Dr. Lewis M. Fraas: No. This is superficial and overlooks cell packaging issues for long term durability. For LCPV, packaging for durability has already been demonstrated riding the coat tails of planar.
MidCPV pacaging runs into thermal and durability vs cost problems as well as cell supply problems. The same DNI vs global and optical losses hit MidCPV without the high >35 percent cell option.
CPVToday.com: The recently formed CPV Consortium says CPV "is on the cusp of delivering" on its promise of low‐cost, reliable solar‐generated electricity that will be cost competitive with traditional energy sources. And the challenge now is to assure that a proper foundation and infrastructure is in place to support CPV. How do you think the industry is placed to cope up with such challenge?
Dr. Lewis M. Fraas: There are still too many system design options for HCPV which will delay its market acceptance. LCPV can demonstrate the lower cost faster but is presently under funded relative to HCPV. Low cost will require investment in high volume manufacturing for LCPV. There is also the certification and qualification bottle neck for CPV at least in the US.

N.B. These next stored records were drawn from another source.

(* Let $k\ge1$, $\alpha_i\in(1,2)$ and $l_i>0$ for $i=1,\dots,k$. For $\mathbf n=(n_1,\dots,n_k)$ let $$R_{\mathbf n}=\sum_{i=1}^k I_{n_1\cdots n_{i-1}}\otimes l_iR^{(\alpha_i)}_{n_i}\otimes I_{n_{i+1}\cdots n_k},\qquad \tau(R_{\mathbf n})=\sum_{i=1}^k I_{n_1\cdots n_{i-1}}\otimes l_i\,\tau\big(R^{(\alpha_i)}_{n_i}\big)\otimes I_{n_{i+1}\cdots n_k}.$$ Then for every nonzero $\mathbf z\in\mathbb R^{N(\mathbf n)}$, $$\frac12<\frac{\mathbf z^\top R_{\mathbf n}\mathbf z}{\mathbf z^\top\tau(R_{\mathbf n})\mathbf z}<\frac32 .$$
   Context: $N(\mathbf n)=n_1\cdots n_k$. $R^{(\alpha)}_n=T_n(r_\alpha)$ is the $n\times n$ symmetric Toeplitz matrix generated by $r_\alpha(\theta)=(2-2\cos\theta)^{\alpha/2}=|2\sin(\theta/2)|^\alpha$, i.e. $R^{(\alpha)}_n=[\rho^{(\alpha)}_{|i-j|}]_{i,j=1}^n$ with $\rho^{(\alpha)}_j=\frac{(-1)^j\Gamma(\alpha+1)}{\Gamma(\alpha/2-j+1)\Gamma(\alpha/2+j+1)}$. For a real symmetric Toeplitz matrix $T_n=[t_{|i-j|}]$, $\tau(T_n)=T_n-H_n$ with $H_n$ the Hankel matrix whose constant antidiagonals are $t_2,\dots,t_{n-1},0,0,0,t_{n-1},\dots,t_2$. *)

theory Defs
  imports "HOL-Analysis.Analysis"
begin

text \<open>Matrices are represented as functions nat => nat => real, indexed from 0;
  only the entries with indices below the stated dimension are meaningful.\<close>

type_synonym mat = "nat \<Rightarrow> nat \<Rightarrow> real"

definition idm :: mat where
  "idm i j = (if i = j then 1 else 0)"

text \<open>Kronecker product A (x) B, where q is the dimension of B.\<close>
definition kron :: "mat \<Rightarrow> mat \<Rightarrow> nat \<Rightarrow> mat" where
  "kron A B q r c = A (r div q) (c div q) * B (r mod q) (c mod q)"

definition smat :: "real \<Rightarrow> mat \<Rightarrow> mat" where
  "smat a M i j = a * M i j"

definition madd :: "mat \<Rightarrow> mat \<Rightarrow> mat" where
  "madd A B i j = A i j + B i j"

definition msub :: "mat \<Rightarrow> mat \<Rightarrow> mat" where
  "msub A B i j = A i j - B i j"

definition toep :: "(nat \<Rightarrow> real) \<Rightarrow> mat" where
  "toep t i j = t (if i \<le> j then j - i else i - j)"

text \<open>Hankel matrix H_n whose constant antidiagonals (0-indexed i+j = 0..2n-2) are
  t_2,...,t_{n-1},0,0,0,t_{n-1},...,t_2. With 1-based s = i+j+2 in 2..2n:
  s <= n-1 gives t_s, s >= n+3 gives t_{2n+2-s}, otherwise 0.\<close>
definition hank :: "(nat \<Rightarrow> real) \<Rightarrow> nat \<Rightarrow> mat" where
  "hank t n i j = (let s = i + j + 2 in
     if s \<le> n - 1 then t s else if n + 3 \<le> s then t (2 * n + 2 - s) else 0)"

definition tau_toep :: "(nat \<Rightarrow> real) \<Rightarrow> nat \<Rightarrow> mat" where
  "tau_toep t n = msub (toep t) (hank t n)"

text \<open>Fourier coefficients of (2 - 2 cos theta)^(alpha/2).\<close>
definition rho :: "real \<Rightarrow> nat \<Rightarrow> real" where
  "rho \<alpha> j = (-1) ^ j * Gamma (\<alpha> + 1) /
      (Gamma (\<alpha> / 2 - real j + 1) * Gamma (\<alpha> / 2 + real j + 1))"

definition Rfrac :: "real \<Rightarrow> mat" where
  "Rfrac \<alpha> = toep (rho \<alpha>)"

definition tauRfrac :: "real \<Rightarrow> nat \<Rightarrow> mat" where
  "tauRfrac \<alpha> n = tau_toep (rho \<alpha>) n"

text \<open>I_{n_0...n_{i-1}} (x) M (x) I_{n_{i+1}...n_{k-1}} with M of size n_i (0-indexed).\<close>
definition kron_slot :: "nat \<Rightarrow> (nat \<Rightarrow> nat) \<Rightarrow> nat \<Rightarrow> mat \<Rightarrow> mat" where
  "kron_slot k n i M = kron (kron idm M (n i)) idm (\<Prod>j\<in>{i<..<k}. n j)"

definition Nn :: "nat \<Rightarrow> (nat \<Rightarrow> nat) \<Rightarrow> nat" where
  "Nn k n = (\<Prod>j<k. n j)"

Spain is addressing this qualification issue with the ISFOC fields for HCPV but the US government is still sleeping on this. Early CPV manufacturing requires government buys for parallel demonstration and certification efforts lasting for a couple of years. This was done for planar Si in the late 70's with JPL block buys. ISFOC is doing it now for HCPV. There is no such opportunity now for LCPV.
CPVToday.com: CPV start-ups are planning extensive field testing to validate the reliability and energy production modelling and are also working with project developers and third party engineering firms to mitigate any perceived risk of deploying their respective technologies. What's your viewpoint regarding the same?
Dr. Lewis M. Fraas: This activity in the US is lacking for LCPV companies. JX Crystals has done this with our 100 kW 3-sun system operating in China now for over two years. We also have small three-sun rooftop systems operating now for over one year in the US at ORNL and at UNLV. This activity was made possible via $2 million from the Chinese government and $10 thousand from the US government.